Photo by Bill Majoros. Used with permission.

NEWS

[8/23/2018] Experiment design web tool released - A web tool is now available for power and sample size estimation: http://67.159.92.22:8080/
[6/16/2018] First version of BIRD released - The first version of BIRD has been released on GitHub at https://github.com/bmajoros/BIRD.

Contents

Description
Download
Installation
Running
Output Format
Examples
Web Tool
Contact

Description

BIRD (Bayesian Inference of Regulatory Differences) is a software suite for identifying regulatory variants in data from STARR-seq and other massively parallel reporter assays (MPRAs). BIRD uses a Bayesian hierarchical model to integrate prior information with read count data. Using MCMC (Markov Chain Monte Carlo), BIRD efficiently performs posterior inference to estimate effect sizes of regulatory variants. Because BIRD's inference is based on posterior distributions, it is able to provide both point estimates and credible intervals for effect sizes. BIRD has been found to be substantially more accurate than other tests based on the beta-binomial distribution and Fisher's exact test.

The purpose of BIRD is to estimate the effect size of regulatory variants, where the effect size, theta, is defined as:

Thus, an effect size of 1 means that the variant has no effect on transcription. Effect sizes less than 1 mean that the alternate allele reduces transcription, while effects greater than 1 mean that the alternate allele increases transcription. Effect sizes tend to range between 0.5 and 2.0.

BIRD explicitly models the unknown allele frequency p in the DNA and q in the RNA, as well as the individual frequencies q_i in each biological replicate. BIRD computes an effect size (theta) from these latent variables p and q, rather than simply dividing read counts. The common method of dividing read counts results in unstable estimates when read counts are low. BIRD's use of an informative prior on effect sizes results in more stable estimates when read counts are low. In addition, BIRD's explicit modeling of replicate structure improves its estimate of allele frequencies in RNA, thus providing more accurate estimates of regulatory effect size. Finally, because BIRD reconstructs the full posterior distribution of theta (the effect size), it can assess how confident its estimate of theta is. This confidence is reported to the user as a 95% credible interval, as well as a posterior probability, P_reg, that the variant has a regulatory effect.

BIRD is written in open-source STAN, C++, and python, and can be compiled on most UNIX systems. BIRD is was developed in the Center for Statistical Genetics and Genomics at Duke University.

Download

BIRD can be downloaded from GitHub:

https://github.com/bmajoros/BIRD

BIRD is designed to run on Linux. Installation instructions are provided below.

Installation

Prerequisites for Installing BIRD

The following are required to install and run BIRD directly on your system:

BIRD has been tested on Linux. It may or may not work on other UNIX systems.
Installation must be on a case-sensitive filesystem.
CmdStan must be installed. This is the command-line interface to the STAN statistical programming language.
g++/gcc version 6.2 or higher is required.
Python version 3.5 or higher is required.
GSL, the Gnu Scientific Library, must be installed.
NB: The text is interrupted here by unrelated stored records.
lemma has_real_derivative_imp_eventually_lipschitz:
  fixes g :: "real \<Rightarrow> real"
  assumes "(g has_real_derivative D) (at x0 within T)"
  shows "eventually (\<lambda>y. \<bar>g y - g x0\<bar> \<le> (\<bar>D\<bar> + 1) * \<bar>y - x0\<bar>) (at x0 within T)"
proof -
  have "((\<lambda>y. \<bar>(g y - g x0) / (y - x0)\<bar>) \<longlongrightarrow> \<bar>D\<bar>) (at x0 within T)"
    using assms by (intro tendsto_rabs) (simp add: has_field_derivative_iff)
  then have "eventually (\<lambda>y. \<bar>(g y - g x0) / (y - x0)\<bar> < \<bar>D\<bar> + 1) (at x0 within T)"
    by (rule order_tendstoD) simp
  then show ?thesis
    using eventually_neq_at_within[of x0 x0 T]
    by eventually_elim (simp add: abs_divide divide_less_eq)
qed

lemma holder_of_lipschitz_composition:
  fixes f P :: "real \<Rightarrow> real" and n :: nat
  assumes f_lim: "(f \<longlongrightarrow> f x0) F"
    and growth: "eventually (\<lambda>t. C * \<bar>t - f x0\<bar>^n \<le> \<bar>P t - P (f x0)\<bar>) (nhds (f x0))"
    and lip: "eventually (\<lambda>y. \<bar>P (f y) - P (f x0)\<bar> \<le> K * \<bar>y - x0\<bar>) F"
    and "C > 0" "n > 0"
  shows "eventually (\<lambda>y. \<bar>f y - f x0\<bar> \<le> (max K 0 / C) powr (1 / n) * \<bar>y - x0\<bar> powr (1 / n)) F"
proof -
  have "eventually (\<lambda>y. C * \<bar>f y - f x0\<bar>^n \<le> \<bar>P (f y) - P (f x0)\<bar>) F"
    using f_lim growth by (rule filterlim_iff[THEN iffD1, rule_format])
  then show ?thesis
    using lip
  proof eventually_elim
    case (elim y)
    define u where "u = \<bar>f y - f x0\<bar>"
    have "C * u^n \<le> max K 0 * \<bar>y - x0\<bar>"
      using elim unfolding u_def by (smt (verit) abs_ge_zero mult_right_mono)
    then have "u^n \<le> max K 0 / C * \<bar>y - x0\<bar>"
      using \<open>C > 0\<close> by (simp add: field_simps)
    have "u = (u^n) powr (1 / n)"
      using \<open>n > 0\<close> unfolding u_def by (simp add: powr_inverse_root real_root_power_cancel)
    also have "\<dots> \<le> (max K 0 / C * \<bar>y - x0\<bar>) powr (1 / n)"
      using \<open>u^n \<le> max K 0 / C * \<bar>y - x0\<bar>\<close> by (intro powr_mono2) (simp_all add: u_def)
    also have "\<dots> = (max K 0 / C) powr (1 / n) * \<bar>y - x0\<bar> powr (1 / n)"
      by (rule powr_mult)
    finally show ?case
      unfolding u_def .
  qed
qed

lemma fpow_span_eq_powr_sum:
  assumes "inj_on (fpow f) {0<..}" and "g \<in> fun_space.span (fpow f ` {0<..})"
  obtains S c where "finite S" "S \<subseteq> {0<..}" "\<And>x. x \<in> {0..1} \<Longrightarrow> g x = powr_sum c id S (f x)"
proof -
  obtain T u where "finite T" "T \<subseteq> fpow f ` {0<..}" and g: "g = (\<Sum>v\<in>T. fscale (u v) v)"
    using assms(2) unfolding fun_space.span_explicit by blast
  then show thesis
    using fpow_combination_eq_powr_sum[OF assms(1), of T u] that by metis
qed

lemma one_sided_derivative_imp_holder:
  fixes f g :: "real \<Rightarrow> real"
  assumes cont: "continuous_on {0..1} f" and pos: "\<forall>x\<in>{0..1}. 0 < f x"
    and S: "finite S" "S \<subseteq> {0<..}"
    and rep: "\<And>x. x \<in> {0..1} \<Longrightarrow> g x = powr_sum c id S (f x)"
    and nonzero: "\<exists>x\<in>{0..1}. g x \<noteq> 0"
    and x0: "x0 \<in> {0..1}" and T: "T \<subseteq> {0..1}"
    and deriv: "(g has_real_derivative D) (at x0 within T)"
  shows "\<exists>\<alpha>>0. Limsup (at x0 within T) (\<lambda>y. ereal (\<bar>f y - f x0\<bar> / \<bar>y - x0\<bar> powr \<alpha>)) < \<infinity>"
proof -
  define P where "P = powr_sum c id S"
  have "\<exists>l\<in>S. c l \<noteq> 0"
  proof (rule ccontr)
    assume "\<not> ?thesis"
    then have "powr_sum c id S = (\<lambda>t. 0)"
      by (simp add: powr_sum_def)
    then show False
      using nonzero rep by simp
  qed
  moreover have "f x0 > 0"
    using pos x0 by blast
  ultimately obtain n C where "n > 0" "C > 0"
    and growth: "eventually (\<lambda>t. C * \<bar>t - f x0\<bar>^n \<le> \<bar>P t - P (f x0)\<bar>) (nhds (f x0))"
    using powr_sum_deviation_lower_bound[OF S] unfolding P_def by blast
  have f_lim: "(f \<longlongrightarrow> f x0) (at x0 within T)"
    using cont x0 T unfolding continuous_on_def by (blast intro: tendsto_within_subset)
  have "eventually (\<lambda>y. y \<in> T) (at x0 within T)"
    by (simp add: eventually_at_filter)
  then have "eventually (\<lambda>y. \<bar>P (f y) - P (f x0)\<bar> \<le> (\<bar>D\<bar> + 1) * \<bar>y - x0\<bar>) (at x0 within T)"
    using has_real_derivative_imp_eventually_lipschitz[OF deriv]
    by eventually_elim (use rep x0 T in \<open>auto simp: P_def\<close>)
  then have "eventually (\<lambda>y. \<bar>f y - f x0\<bar> \<le> (max (\<bar>D\<bar> + 1) 0 / C) powr (1 / n) * \<bar>y - x0\<bar> powr (1 / n))
      (at x0 within T)"
    by (rule holder_of_lipschitz_composition[OF f_lim growth _ \<open>C > 0\<close> \<open>n > 0\<close>])
  then show ?thesis
    using \<open>n > 0\<close> by (intro exI[of _ "1 / n"] conjI Limsup_holder_quotient_finite) auto
qed

lemma gen_algebra_fpow_eq_span:
  assumes "\<forall>x\<in>{0..1}. 0 < f x"
  shows "gen_algebra {fpow f l | l. l > 0} = fun_space.span (fpow f ` {0<..})"
proof -
  have "{fpow f l | l. l > 0} = fpow f ` {0<..}"
    by auto
  moreover have "gen_algebra (fpow f ` {0<..}) = fun_space.span (fpow f ` {0<..})"
    using fpow_mult[OF assms] by (intro gen_algebra_eq_span) auto
  ultimately show ?thesis
    by simp
qed

lemma fpow_span_no_one_sided_derivative:
  assumes cont: "continuous_on {0..1} f" and pos: "\<forall>x\<in>{0..1}. 0 < f x"
    and cnh: "completely_non_holder f"
    and g: "g \<in> fun_space.span (fpow f ` {0<..})" and nonzero: "\<exists>x\<in>{0..1}. g x \<noteq> 0"
  shows "x0 \<in> {0..<1} \<Longrightarrow> \<not> (g has_real_derivative D) (at x0 within {x0..1})"
    and "x0 \<in> {0<..1} \<Longrightarrow> \<not> (g has_real_derivative D) (at x0 within {0..x0})"
proof -
  obtain S c where S: "finite S" "S \<subseteq> {0<..}" and rep: "\<And>x. x \<in> {0..1} \<Longrightarrow> g x = powr_sum c id S (f x)"
    using fpow_span_eq_powr_sum[OF inj_on_fpow[OF pos completely_non_holder_nonconstant[OF cnh]] g] by blast
  note holder = one_sided_derivative_imp_holder[OF cont pos S rep nonzero]
  \<comment> \<open>The one-sided filters do not see x0 itself, so the closed intervals may be replaced by the
    half-open ones of the definition.\<close>
  have "at x0 within {x0..1} = at x0 within {x0<..1}" "at x0 within {0..x0} = at x0 within {0..<x0}"
    by (auto intro: at_within_nhd[of _ UNIV])
  then show "x0 \<in> {0..<1} \<Longrightarrow> \<not> (g has_real_derivative D) (at x0 within {x0..1})"
    and "x0 \<in> {0<..1} \<Longrightarrow> \<not> (g has_real_derivative D) (at x0 within {0..x0})"
    using holder[of x0 "{x0..1}" D] holder[of x0 "{0..x0}" D] cnh
    unfolding completely_non_holder_def holder_right_def holder_left_def by auto
qed

theorem mainTheorem2:
  fixes f :: "real \<Rightarrow> real"
  assumes cont: "continuous_on {0..1} f"
    and pos: "\<forall>x\<in>{0..1}. 0 < f x"
    and cnh: "completely_non_holder f"
  defines "\<A> \<equiv> gen_algebra {fpow f l | l. l > 0}"
  shows "(\<exists>B \<subseteq> \<A>. \<not> module.dependent fscale B \<and> module.span fscale B = \<A>
              \<and> B \<approx> (UNIV :: real set))
       \<and> (\<forall>g\<in>\<A>. (\<exists>x\<in>{0..1}. g x \<noteq> 0) \<longrightarrow>
           \<not> (\<exists>x0 D. (x0 \<in> {0..<1} \<and> (g has_real_derivative D) (at x0 within {x0..1}))
                    \<or> (x0 \<in> {0<..1} \<and> (g has_real_derivative D) (at x0 within {0..x0}))))"
proof (intro conjI ballI impI)
  have nonconst: "\<exists>a\<in>{0..1}. \<exists>b\<in>{0..1}. f a \<noteq> f b"
    using cnh by (rule completely_non_holder_nonconstant)
  have A_eq: "\<A> = fun_space.span (fpow f ` {0<..})"
    unfolding \<A>_def using pos by (rule gen_algebra_fpow_eq_span)
  show "\<exists>B \<subseteq> \<A>. \<not> fun_space.dependent B \<and> fun_space.span B = \<A> \<and> B \<approx> (UNIV :: real set)"
    using fpow_independent[OF cont pos nonconst] fpow_image_eqpoll_UNIV[OF inj_on_fpow[OF pos nonconst]]
      fun_space.span_superset A_eq by blast
  fix g
  assume "g \<in> \<A>" and "\<exists>x\<in>{0..1}. g x \<noteq> 0"
  then show "\<not> (\<exists>x0 D. (x0 \<in> {0..<1} \<and> (g has_real_derivative D) (at x0 within {x0..1}))
                    \<or> (x0 \<in> {0<..1} \<and> (g has_real_derivative D) (at x0 within {0..x0})))"
    using fpow_span_no_one_sided_derivative[OF cont pos cnh] A_eq by blast
qed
Installing and Compiling BIRD Source Code

First, install CmdStan, and set the environment variable $STAN to the directory where CmdStan has been installed. In the bash shell, this can be done using a command of the form:

export STAN=/full/absolute/path/to/cmdstan

Next, download BIRD, copy its files into the CmdStan directory, and compile BIRD in the CmdStan directory, using these commands:

git clone --recursive \

  https://github.com/bmajoros/BIRD.git
cd BIRD

make all

cp swift *.{stan,py} $STAN

cd $STAN

make BIRD

Next, please set these additional environment variables:

$TMPDIR : absolute path to a location where temporary files can be made (this might already be set by your system administrator)
$BIRD : absolute path to the BIRD directory created above by the git clone command
$PYTHONPATH : absolute path to the $BIRD/python subdirectory
All environment variables documented in the GSL distribution. These include $GSLDIR and possibly others.
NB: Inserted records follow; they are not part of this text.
(* Let $\beta>0$ and let $m,n\to\infty$ with $m n^{-1}\to\beta$. Let $\mathrm{P}^{\star}$ (depending on $m,n$) be a probability distribution on $\{0,1,\dots,n\}$ and let $X$ be a random variable with distribution $\mathrm{P}^{\star}$. Assume that (i) $X$ converges in distribution to a random variable $Z$; (ii) $\mathbf{E} Z^2<\infty$ and $\lim_{m,n\to\infty}\mathbf{E} X^2=\mathbf{E} Z^2$; (iii) $\mathbf{E} Z^3=\infty$. Then the global clustering coefficient of the passive random intersection graph $G^{\star}=G^{\star}(n,m,\mathrm{P}^{\star})$ satisfies $C_{G^{\star}}=1-o_P(1)$.
   Context: Passive random intersection graph $G^{\star}(n,m,\mathrm{P}^{\star})$: vertex set $V=\{v_1,\dots,v_n\}$, auxiliary attribute set $W=\{w_1,\dots,w_m\}$. Each attribute $w\in W$ independently selects a random subset $D_w\subset V$ with $\mathbf{P}(D_w=A)=\mathrm{P}^{\star}(|A|)\binom{n}{|A|}^{-1}$ for $A\subset V$. Two distinct vertices $u,v$ are adjacent iff $u,v\in D_w$ for some $w\in W$. For a graph $G$, the global clustering coefficient is $C_G=3\Delta/\Lambda$, where $\Delta$ is the number of triangles and $\Lambda$ the number of paths of length $2$ in $G$. $o_P(1)$ denotes a quantity converging to $0$ in probability. *)

theory Defs
  imports "HOL-Probability.Probability"
begin

definition attr_set_pmf :: "nat \<Rightarrow> nat pmf \<Rightarrow> nat set pmf" where
  "attr_set_pmf n Pstar =
     bind_pmf Pstar (\<lambda>s. pmf_of_set {A. A \<subseteq> {..<n} \<and> card A = s})"

definition passive_rig :: "nat \<Rightarrow> nat \<Rightarrow> nat pmf \<Rightarrow> (nat \<Rightarrow> nat set) pmf" where
  "passive_rig n m Pstar = Pi_pmf {..<m} {} (\<lambda>_. attr_set_pmf n Pstar)"

definition rig_adj :: "nat \<Rightarrow> (nat \<Rightarrow> nat set) \<Rightarrow> nat \<Rightarrow> nat \<Rightarrow> bool" where
  "rig_adj m D u v \<longleftrightarrow> u \<noteq> v \<and> (\<exists>w<m. u \<in> D w \<and> v \<in> D w)"

definition num_triangles :: "nat \<Rightarrow> (nat \<Rightarrow> nat \<Rightarrow> bool) \<Rightarrow> nat" where
  "num_triangles n E =
     card {T. T \<subseteq> {..<n} \<and> card T = 3 \<and> (\<forall>u\<in>T. \<forall>v\<in>T. u \<noteq> v \<longrightarrow> E u v)}"

definition num_2paths :: "nat \<Rightarrow> (nat \<Rightarrow> nat \<Rightarrow> bool) \<Rightarrow> nat" where
  "num_2paths n E =
     card {(v, P). v < n \<and> P \<subseteq> {..<n} \<and> card P = 2 \<and> v \<notin> P \<and> (\<forall>u\<in>P. E v u)}"

text \<open>Global clustering coefficient 3*Delta/Lambda (equal to 0 if Lambda = 0, by the
convention x / 0 = 0).\<close>
definition global_clustering :: "nat \<Rightarrow> (nat \<Rightarrow> nat \<Rightarrow> bool) \<Rightarrow> real" where
  "global_clustering n E = 3 * real (num_triangles n E) / real (num_2paths n E)"

end

theory Submission
  imports Defs
begin

text \<open>
  Every attribute w turns D_w into a clique, which contains S_w = |D_w| ((|D_w| - 1) choose 2) 2-paths,
  all of them closed. A 2-path not inside a single clique uses two distinct attributes sharing its
  centre, and a 2-path inside two cliques is counted by such a pair as well; so with
  R = \<Sum>_{w \<noteq> w'} |D_w \<inter> D_w'| |D_w| |D_w'| one has 3\<Delta> \<le> \<Lambda> \<le> 3\<Delta> + R and \<Sum>_w S_w \<le> 3\<Delta> + R.
  Hence C is close to 1 as soon as R is small compared with \<Sum>_w S_w.

  Now E R = m (m - 1) (E X^2)^2 / n = O(n), since E X^2 is bounded, and Markov's inequality makes
  R \<le> \<epsilon> L n likely. On the other hand \<Sum>_w S_w is a sum of m independent copies of
  S(X) ~ X^3 / 2, whose mean is infinite in the limit: truncating S at a level T large enough
  that the limiting truncated mean exceeds any given multiple of L, Chebyshev's inequality shows
  \<Sum>_w S_w \<ge> L n with high probability.
\<close>

section \<open>Counting 2-paths in an intersection graph\<close>

definition closed_2paths :: "nat \<Rightarrow> (nat \<Rightarrow> nat \<Rightarrow> bool) \<Rightarrow> (nat \<times> nat set) set" where
  "closed_2paths N E =
     {(v, P). v < N \<and> P \<subseteq> {..<N} \<and> card P = 2 \<and> v \<notin> P \<and> (\<forall>u\<in>P. E v u)
        \<and> (\<forall>a\<in>P. \<forall>b\<in>P. a \<noteq> b \<longrightarrow> E a b)}"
If you use the tcsh or csh shells, this can be done using the setenv command; if your shell is bash, you'll need to use the set and export commands. It is recommended to put these commands in your .cshrc or .bashrc file so they run every time you log in. Note that your system administrators may have already set $TMPDIR for you.

Running BIRD

Prerequisites

Before the BIRD model can be run, you must create a file containing the read counts for each genetic variant. The format of this required file is described below.

To obtain read counts, you will first need to align your sequencing reads using an aligner such as Bowtie. Once your reads are aligned, you can use the samtools mpileup command to get read counts for each genetic variant. You can then put those read counts into an input file for BIRD. The format of the input file is described next.

Input Format

The input file for BIRD must contain one line per genetic variant. Each line consists of tab-separated columns.

The first two columns are:

ID = identifier of the variant. For example, rs847362.
D = number of DNA replicates. This should be an integer. If you only sequenced your DNA once, set this to 1.

The next set of columns consists of pairs of reference and alternate read counts in the DNA. The number of such pairs is given by D. Thus, if you did 3 DNA replicates, you will have six columns after the D column:

Read count for reference allele in DNA replicate 1
Read count for alternate allele in DNA replicate 1
Read count for reference allele in DNA replicate 2
Read count for alternate allele in DNA replicate 2
Read count for reference allele in DNA replicate 3
Read count for alternate allele in DNA replicate 3

If you have more than 3 replicates, continue alternating reference and alternate allele counts as above, separating all columns by tabs.

Next is column R, which specifies the number of RNA replicates.

Finally, this is followed by R pairs of reference and alternate read counts in the RNA, just as for the DNA above.

Thus, an example line for 1 DNA replicate and 3 RNA replicates would be as follows (NOTE: do not include the header line in your input file):

ID        D  ref 
alt  R  ref  alt ref  alt ref  alt

variant1  1  101  99   3 
110  89  114  84  109  82

The example-inputs.txt file in the $BIRD directory provides additional examples.

Running the Model

The model must be run in the $STAN directory. The following command will run the model on a set of variants:

bird.py BIRD lambda input.txt stan.txt samples first-last > out.txt

The parameters are:

BIRD = the model to use; set this to "BIRD" (no quotes).
lambda = the minimum effect size to include in posterior calculations. We recommend setting this to 1.25, which will calibrate posterior probabilities for detecting effects larger than 1.25 or less than 1/1.25. The minimum value for this parameter is 1. This parameter does not affect the estimated effect size or credible interval.
input.txt = the genetic variants to test, one line per variant, as described above.
stan.txt = the name of a file that BIRD can use to store outputs from the STAN engine.
samples = the number of MCMC samples to draw. We recommend 1000. If speed is crucial, you can set this to 500, or use the swift program instead (see below).
first-last = the range of variants to process, in zero-based coordinates. If your input file contains 50 variants, set this to 0-49 to process all 50 variants. You can use this parameter to split the variants across multiple jobs, for parallelization. For example, to run 5 jobs, you could use the ranges 0-9, 10-19, 20-29, 30-39, and 40-49. Be sure to specify different output files and different temp files for the different jobs. BIRD is not automatically parallelized; you will need to run the separate jobs manually.
out.txt = the output file where predictions will be written.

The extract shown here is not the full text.